What is expected
Scan the lines below for "assms"; report the number of lines that contain it, and only that.

Supplied entries

definition C_class :: "('i \<Rightarrow> 'i \<Rightarrow> int) \<Rightarrow> ('i \<Rightarrow> 'i \<Rightarrow> enat) \<Rightarrow> ('i \<times> nat) list \<Rightarrow> ('i \<times> nat) list set" where
  "C_class A ord ws = {vs. vs \<in> lists (tilde_I A) \<and> cong_cl (C_rel A ord) ws vs}"

definition cox_group :: "('i \<Rightarrow> 'i \<Rightarrow> int) \<Rightarrow> ('i \<Rightarrow> 'i \<Rightarrow> enat) \<Rightarrow> ('i \<times> nat) list set set" where
  "cox_group A ord = C_class A ord ` lists (tilde_I A)"

text \<open>For xs = [i_k, ..., i_1], position p (0-based from the left) is s = k - p;
  m_s = 1 for real i_s, otherwise the number of occurrences of i_s among i_s, ..., i_1.\<close>
definition ordered_index :: "('i \<Rightarrow> 'i \<Rightarrow> int) \<Rightarrow> 'i list \<Rightarrow> ('i \<times> nat) list" where
  "ordered_index A xs =
     map (\<lambda>p. (xs ! p, if A (xs ! p) (xs ! p) = 2 then 1 else count_list (drop p xs) (xs ! p)))
         [0..<length xs]"

definition V_set :: "('i \<Rightarrow> 'i \<Rightarrow> int) \<Rightarrow> ('i \<Rightarrow> 'i \<Rightarrow> enat) \<Rightarrow> ('i \<times> nat) list set set" where
  "V_set A ord = {C_class A ord (ordered_index A xs) | xs. True}"

end

theory Submission
  imports Defs "HOL-Library.Function_Algebras"
begin

text \<open>
  The ordered index labels every imaginary letter of a word by its number of occurrences counted
  from the right. Each defining relation of \<open>\<W>\<close> is mapped to a relation of the Coxeter group
  \<open>\<frakW>\<close> (a commutation of an imaginary \<open>i\<close> with \<open>j\<close>, \<open>a\<^sub>i\<^sub>j = 0\<close>, to a commutation of
  \<open>(i, m)\<close> and \<open>(j, n)\<close>), and the labels outside the relation do not change, since relations
  preserve the number of imaginary letters; so \<open>\<sigma>\<close> is well defined, and it is onto \<open>\<frakV>\<close> by
  definition.

  For injectivity, note that an ordered index contains every imaginary generator at most once.
  By the exchange condition and Matsumoto's theorem, two such words representing the same element
  of \<open>\<frakW>\<close> are connected by braid moves and cancellations \<open>s s = 1\<close> of real generators only:
  an imaginary generator cannot be cancelled, because braid moves involving it are commutations
  and preserve its number of occurrences. Forgetting labels, all these moves are relations of
  \<open>\<W>\<close>. The Coxeter theory requires the dihedral subgroups of \<open>\<frakW>\<close> to have the prescribed
  orders; this is checked on the reflection representation on \<open>\<frakh>\<^sup>*\<close> for pairs of real
  generators, and on an explicit geometric representation otherwise.
\<close>

fun alt_word :: "nat \<Rightarrow> 'a \<Rightarrow> 'a \<Rightarrow> 'a list" where
  "alt_word 0 a b = []"
| "alt_word (Suc n) a b = a # alt_word n b a"

lemma length_alt_word [simp]: "length (alt_word n a b) = n"
  by (induction n arbitrary: a b) auto

lemma alt_word_add:
  "alt_word (n + k) a b = alt_word n a b @ (if even n then alt_word k a b else alt_word k b a)"
  by (induction n arbitrary: a b) auto

lemma alt_word_Suc_snoc: "alt_word (Suc n) a b = alt_word n a b @ [if even n then a else b]"
  using alt_word_add[of n 1 a b] by auto

lemma rev_alt_word: "rev (alt_word n a b) = (if even n then alt_word n b a else alt_word n a b)"
proof (induction n arbitrary: a b)
  case (Suc n)
  show ?case
    using Suc[of b a] Suc[of a b] alt_word_Suc_snoc[of n a b] alt_word_Suc_snoc[of n b a]
    by (auto simp: alt_word_Suc_snoc)
qed simp

lemma alt_word_double: "alt_word (2 * n) a b = alt_word n a b @ rev (alt_word n b a)"
  using alt_word_add[of n n a b] by (simp add: rev_alt_word mult_2)

lemma concat_replicate_eq_alt_word: "concat (replicate k [a, b]) = alt_word (2 * k) a b"
  by (induction k) auto

lemma set_alt_word: "set (alt_word n a b) \<subseteq> {a, b}"
  by (induction n arbitrary: a b) auto

lemma map_alt_word: "map f (alt_word n a b) = alt_word n (f a) (f b)"
  by (induction n arbitrary: a b) auto

lemma count_alt_word_fst: "a \<noteq> b \<Longrightarrow> count_list (alt_word n a b) a = (n + 1) div 2"
  and count_alt_word_snd: "a \<noteq> b \<Longrightarrow> count_list (alt_word n a b) b = n div 2"
proof (induction n arbitrary: a b)
  case 0
  { case 1 then show ?case by simp }
  { case 2 then show ?case by simp }
next
  case (Suc n)
  { case 1 then show ?case using Suc(2)[of b a] by auto }
  { case 2 then show ?case using Suc(1)[of b a] by auto }
qed

lemma count_alt_word_other: "c \<noteq> a \<Longrightarrow> c \<noteq> b \<Longrightarrow> count_list (alt_word n a b) c = 0"
  by (induction n arbitrary: a b) auto

lemma cong_cl_rel: "R u v \<Longrightarrow> cong_cl R u v"
  using cong_cl.base[of R u v "[]" "[]"] by simp

lemma cong_cl_ctx: "cong_cl R u v \<Longrightarrow> cong_cl R (x @ u @ y) (x @ v @ y)"
proof (induction rule: cong_cl.induct)
  case (base u v xs ys)
  then show ?case using cong_cl.base[of R u v "x @ xs" "ys @ y"] by simp
qed (auto intro: cong_cl.intros)

lemma cong_cl_append: "cong_cl R u v \<Longrightarrow> cong_cl R u' v' \<Longrightarrow> cong_cl R (u @ u') (v @ v')"
  using cong_cl_ctx[of R u v "[]" u'] cong_cl_ctx[of R u' v' v "[]"]
  by (auto intro: cong_cl.trans)

lemma cong_cl_Cons: "cong_cl R u v \<Longrightarrow> cong_cl R (s # u) (s # v)"
  using cong_cl_ctx[of R u v "[s]" "[]"] by simp

lemma cong_cl_map:
  "cong_cl R u v \<Longrightarrow> (\<And>u v. R u v \<Longrightarrow> cong_cl R' (map f u) (map f v))
    \<Longrightarrow> cong_cl R' (map f u) (map f v)"
  by (induction rule: cong_cl.induct) (auto simp: cong_cl_ctx intro: cong_cl.intros)

lemma cong_cl_mono: "cong_cl R u v \<Longrightarrow> (\<And>u v. R u v \<Longrightarrow> cong_cl R' u v) \<Longrightarrow> cong_cl R' u v"
  using cong_cl_map[of R u v R' id] by simp

lemma cong_cl_word_rev:
  "(\<And>x. x \<in> set w \<Longrightarrow> cong_cl R [x, x] []) \<Longrightarrow> cong_cl R (w @ rev w) []"
proof (induction w)
  case (Cons s w)
  then have "cong_cl R ([s] @ (w @ rev w) @ [s]) ([s] @ [] @ [s])"
    by (intro cong_cl_ctx) auto
  moreover have "cong_cl R [s, s] []" using Cons.prems by auto
  ultimately show ?case by (auto intro: cong_cl.trans)
qed (simp add: cong_cl.refl)

lemma cong_cl_braid:
  assumes "cong_cl R [i, i] []" and "cong_cl R [j, j] []" and "cong_cl R (alt_word (2 * n) i j) []"
  shows "cong_cl R (alt_word n i j) (alt_word n j i)"
proof -
  let ?u = "alt_word n i j" and ?v = "alt_word n j i"
  have "cong_cl R (rev ?v @ rev (rev ?v)) []"
    using set_alt_word[of n j i] assms(1,2) by (intro cong_cl_word_rev) auto
  then have "cong_cl R (?u @ (rev ?v @ ?v)) (?u @ [])"
    by (intro cong_cl_append cong_cl.refl) simp
  moreover have "cong_cl R ((?u @ rev ?v) @ ?v) ([] @ ?v)"
    using assms(3) by (intro cong_cl_append cong_cl.refl) (simp add: alt_word_double)
  ultimately show ?thesis by (metis append.assoc append_Nil append_Nil2 cong_cl.sym cong_cl.trans)
qed

lemma split_at_two_positions:
  assumes "i < j" "j < length w"
  shows "\<exists>x s y s' z. w = x @ s # y @ s' # z \<and> length x = i \<and> length y = j - i - 1"
proof -
  let ?r = "drop (Suc i) w"
  have "w = take i w @ w ! i # ?r" using id_take_nth_drop[of i w] assms by simp
  moreover have "?r = take (j - i - 1) ?r @ ?r ! (j - i - 1) # drop (Suc (j - i - 1)) ?r"
    using id_take_nth_drop[of "j - i - 1" ?r] assms by simp
  ultimately have "w = take i w @ w ! i # take (j - i - 1) ?r @ ?r ! (j - i - 1) # drop (Suc (j - i - 1)) ?r"
    by metis
  moreover have "length (take i w) = i" "length (take (j - i - 1) ?r) = j - i - 1" using assms by auto
  ultimately show ?thesis by blast
qed

section \<open>Coxeter systems\<close>

definition coxeter_rel :: "'g set \<Rightarrow> ('g \<Rightarrow> 'g \<Rightarrow> enat) \<Rightarrow> 'g list \<Rightarrow> 'g list \<Rightarrow> bool" where
  "coxeter_rel S m u v \<longleftrightarrow> (\<exists>a b k. a \<in> S \<and> b \<in> S \<and> m a b = enat k \<and>
        u = concat (replicate k [a, b]) \<and> v = [])"

text \<open>The last axiom says that \<open>s\<^sub>a s\<^sub>b\<close> has order exactly \<open>m a b\<close> in the group presented; it holds
  for every Coxeter matrix, but is only established below for the matrices at hand.\<close>
locale coxeter_system =
  fixes S :: "'g set" and m :: "'g \<Rightarrow> 'g \<Rightarrow> enat"
  assumes m_diag: "a \<in> S \<Longrightarrow> m a a = 1"
    and m_sym: "a \<in> S \<Longrightarrow> b \<in> S \<Longrightarrow> m a b = m b a"
    and m_ge2: "a \<in> S \<Longrightarrow> b \<in> S \<Longrightarrow> a \<noteq> b \<Longrightarrow> 2 \<le> m a b"
    and alt_word_nontrivial: "a \<in> S \<Longrightarrow> b \<in> S \<Longrightarrow> a \<noteq> b \<Longrightarrow> 0 < d \<Longrightarrow> enat d < m a b
        \<Longrightarrow> \<not> cong_cl (coxeter_rel S m) (alt_word (2 * d) a b) []"
begin

abbreviation cox_eq :: "'g list \<Rightarrow> 'g list \<Rightarrow> bool" where
  "cox_eq \<equiv> cong_cl (coxeter_rel S m)"

lemma cox_eq_lists_iff: "cox_eq u v \<Longrightarrow> u \<in> lists S \<longleftrightarrow> v \<in> lists S"
proof (induction rule: cong_cl.induct)
  case (base u v xs ys)
  then obtain a b k where "a \<in> S" "b \<in> S" "u = alt_word (2 * k) a b" "v = []"
    unfolding coxeter_rel_def by (auto simp: concat_replicate_eq_alt_word)
  then show ?case using set_alt_word[of "2 * k" a b] by auto
qed auto

lemma cox_eq_alt_word: "a \<in> S \<Longrightarrow> b \<in> S \<Longrightarrow> m a b = enat k \<Longrightarrow> cox_eq (alt_word (2 * k) a b) []"
  by (rule cong_cl_rel) (auto simp: coxeter_rel_def concat_replicate_eq_alt_word)

lemma cox_eq_square: "s \<in> S \<Longrightarrow> cox_eq [s, s] []"
  using cox_eq_alt_word[of s s 1] m_diag[of s] by (simp add: one_enat_def numeral_2_eq_2)

lemma cox_eq_square_ctx: "s \<in> S \<Longrightarrow> cox_eq (x @ s # s # y) (x @ y)"
  using cong_cl_ctx[OF cox_eq_square[of s], of x y] by simp

lemma cox_eq_word_rev: "w \<in> lists S \<Longrightarrow> cox_eq (w @ rev w) []"
  by (intro cong_cl_word_rev cox_eq_square) auto

lemma cox_eq_rev_word: "w \<in> lists S \<Longrightarrow> cox_eq (rev w @ w) []"
  using cox_eq_word_rev[of "rev w"] by (simp add: in_lists_conv_set)

lemma cox_eq_braid: "a \<in> S \<Longrightarrow> b \<in> S \<Longrightarrow> m a b = enat n \<Longrightarrow> cox_eq (alt_word n a b) (alt_word n b a)"
  by (intro cong_cl_braid cox_eq_square cox_eq_alt_word)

Problem solution
5